[Data to examine Boundary: Start]

theorem theorem1:
  fixes n :: nat and A U :: "nat \<Rightarrow> nat \<Rightarrow> real" and lam :: "nat \<Rightarrow> real"
  assumes A_sym: "\<forall>i\<in>{1..n}. \<forall>j\<in>{1..n}. A i j = A j i"
    and A_nonneg: "\<forall>i\<in>{1..n}. \<forall>j\<in>{1..n}. A i j \<ge> 0"
    and deg_pos: "\<forall>i\<in>{1..n}. deg n A i > 0"
    and U_orth: "\<forall>k\<in>{1..n}. \<forall>l\<in>{1..n}. (\<Sum>i=1..n. U i k * U i l) = (if k = l then 1 else 0)"
    and L_eig: "\<forall>i\<in>{1..n}. \<forall>j\<in>{1..n}. normLap n A i j = (\<Sum>k=1..n. U i k * lam k * U j k)"
    and lam_sorted: "\<forall>k\<in>{1..n}. \<forall>k'\<in>{1..n}. k \<le> k' \<longrightarrow> lam k \<le> lam k'"
  shows
    "(\<forall>f. pos_semidef_fun n U f \<longleftrightarrow> (\<forall>k\<in>{1..n}. gft n U f k \<ge> 0))
     \<and> (\<forall>f. pos_def_fun n U f \<longleftrightarrow> (\<forall>k\<in>{1..n}. gft n U f k > 0))
     \<and> (\<forall>f. \<forall>i\<in>{1..n}. \<forall>j\<in>{1..n}.
           kernel_mat n U f i j = (\<Sum>k=1..n. gft n U f k * U i k * U j k))
     \<and> (\<forall>f. (f \<in> krylov_space n (normLap n A) U \<and> pos_semidef_fun n U f) \<longleftrightarrow>
           ((\<forall>k\<in>{1..n}. gft n U f k \<ge> 0) \<and>
            (\<forall>k\<in>{1..n}. \<forall>k'\<in>{1..n}. lam k = lam k' \<longrightarrow> gft n U f k = gft n U f k')))
     \<and> (\<forall>M f. M \<le> n \<longrightarrow>
           ((f \<in> eig_span n U {1..M} \<and> pos_semidef_fun n U f) \<longleftrightarrow>
            ((\<forall>k\<in>{1..n}. gft n U f k \<ge> 0) \<and> (\<forall>k\<in>{1..n}. k > M \<longrightarrow> gft n U f k = 0))))
     \<and> (\<forall>S f. S \<subseteq> {1..n} \<longrightarrow>
           (cond_pos_def_fun n U f (eig_span n U S) \<longleftrightarrow> (\<forall>k\<in>S. gft n U f k > 0)))"
proof -
  interpret orthonormal_columns n U
    using U_orth by unfold_locales
  have krylov: "f \<in> krylov_space n (normLap n A) U \<longleftrightarrow>
      (\<forall>k\<in>{1..n}. \<forall>k'\<in>{1..n}. lam k = lam k' \<longrightarrow> gft n U f k = gft n U f k')" for f
    using krylov_space_iff[OF L_eig]
      ex_low_degree_poly_iff_factors_through[of "{1..n}" n "gft n U f" lam] by simp
  have band_limited: "f \<in> eig_span n U {1..M} \<longleftrightarrow> (\<forall>k\<in>{1..n}. k > M \<longrightarrow> gft n U f k = 0)"
    if "M \<le> n" for M f
    using that eig_span_iff_gft_vanishes[of "{1..M}" f] by auto
  show ?thesis
    using pos_semidef_fun_iff pos_def_fun_iff kernel_mat_spectral krylov band_limited
      cond_pos_def_fun_eig_span_iff by auto
qed

end
lemma orthogonal_transformation_extending_isometry:
  fixes g :: "'a::euclidean_space \<Rightarrow> 'a"
  assumes g: "linear g" and A: "subspace A"
    and iso: "\<And>v. v \<in> A \<Longrightarrow> norm (g v) = norm v"
  obtains T where "orthogonal_transformation T" "\<And>v. v \<in> A \<Longrightarrow> T v = g v"
proof -
  have "dim (A\<^sup>\<bottom>) = dim ((g ` A)\<^sup>\<bottom>)"
    using dim_orthogonal_comp[OF A] dim_orthogonal_comp[OF linear_subspace_image[OF g A]]
      dim_image_isometry_on_subspace[OF assms] by linarith
  then obtain h where h: "linear h" "h ` (A\<^sup>\<bottom>) = (g ` A)\<^sup>\<bottom>"
    and h_iso: "\<And>v. v \<in> A\<^sup>\<bottom> \<Longrightarrow> norm (h v) = norm v"
    using isometry_subspaces[OF subspace_orthogonal_comp subspace_orthogonal_comp] by blast
  obtain T where T: "linear T" and TA: "\<And>v. v \<in> A \<Longrightarrow> T v = g v"
    and TC: "\<And>v. v \<in> A\<^sup>\<bottom> \<Longrightarrow> T v = h v"
    using linear_extend_on_orthogonal_comp[OF g h(1) A] by blast
  have "norm (T x) = norm x" for x
  proof -
    obtain a c where ac: "a \<in> A" "c \<in> A\<^sup>\<bottom>" "x = a + c"
      using subspace_sum_orthogonal_comp[OF A] by (metis UNIV_I set_plus_elim)
    have "orthogonal (g a) (h c)"
      using ac h(2) by (auto simp: orthogonal_comp_def)
    moreover have "orthogonal a c"
      using ac by (auto simp: orthogonal_comp_def)
    ultimately have "(norm (T x))\<^sup>2 = (norm x)\<^sup>2"
      using ac TA TC T iso h_iso by (simp add: linear_add norm_add_Pythagorean)
    then show ?thesis
      by simp
  qed
  then have "orthogonal_transformation T"
    using T by (simp add: orthogonal_transformation)
  then show ?thesis
    using that TA by blast
qed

[Data to examine Boundary: End]

Starting at the line that contains "obtains T where", write out every line to the end of the entries, exactly as given.

— Task output —
  obtains T where "orthogonal_transformation T" "\<And>v. v \<in> A \<Longrightarrow> T v = g v"
proof -
  have "dim (A\<^sup>\<bottom>) = dim ((g ` A)\<^sup>\<bottom>)"
    using dim_orthogonal_comp[OF A] dim_orthogonal_comp[OF linear_subspace_image[OF g A]]
      dim_image_isometry_on_subspace[OF assms] by linarith
  then obtain h where h: "linear h" "h ` (A\<^sup>\<bottom>) = (g ` A)\<^sup>\<bottom>"
    and h_iso: "\<And>v. v \<in> A\<^sup>\<bottom> \<Longrightarrow> norm (h v) = norm v"
    using isometry_subspaces[OF subspace_orthogonal_comp subspace_orthogonal_comp] by blast
  obtain T where T: "linear T" and TA: "\<And>v. v \<in> A \<Longrightarrow> T v = g v"
    and TC: "\<And>v. v \<in> A\<^sup>\<bottom> \<Longrightarrow> T v = h v"
    using linear_extend_on_orthogonal_comp[OF g h(1) A] by blast
  have "norm (T x) = norm x" for x
  proof -
    obtain a c where ac: "a \<in> A" "c \<in> A\<^sup>\<bottom>" "x = a + c"
      using subspace_sum_orthogonal_comp[OF A] by (metis UNIV_I set_plus_elim)
    have "orthogonal (g a) (h c)"
      using ac h(2) by (auto simp: orthogonal_comp_def)
    moreover have "orthogonal a c"
      using ac by (auto simp: orthogonal_comp_def)
    ultimately have "(norm (T x))\<^sup>2 = (norm x)\<^sup>2"
      using ac TA TC T iso h_iso by (simp add: linear_add norm_add_Pythagorean)
    then show ?thesis
      by simp
  qed
  then have "orthogonal_transformation T"
    using T by (simp add: orthogonal_transformation)
  then show ?thesis
    using that TA by blast
qed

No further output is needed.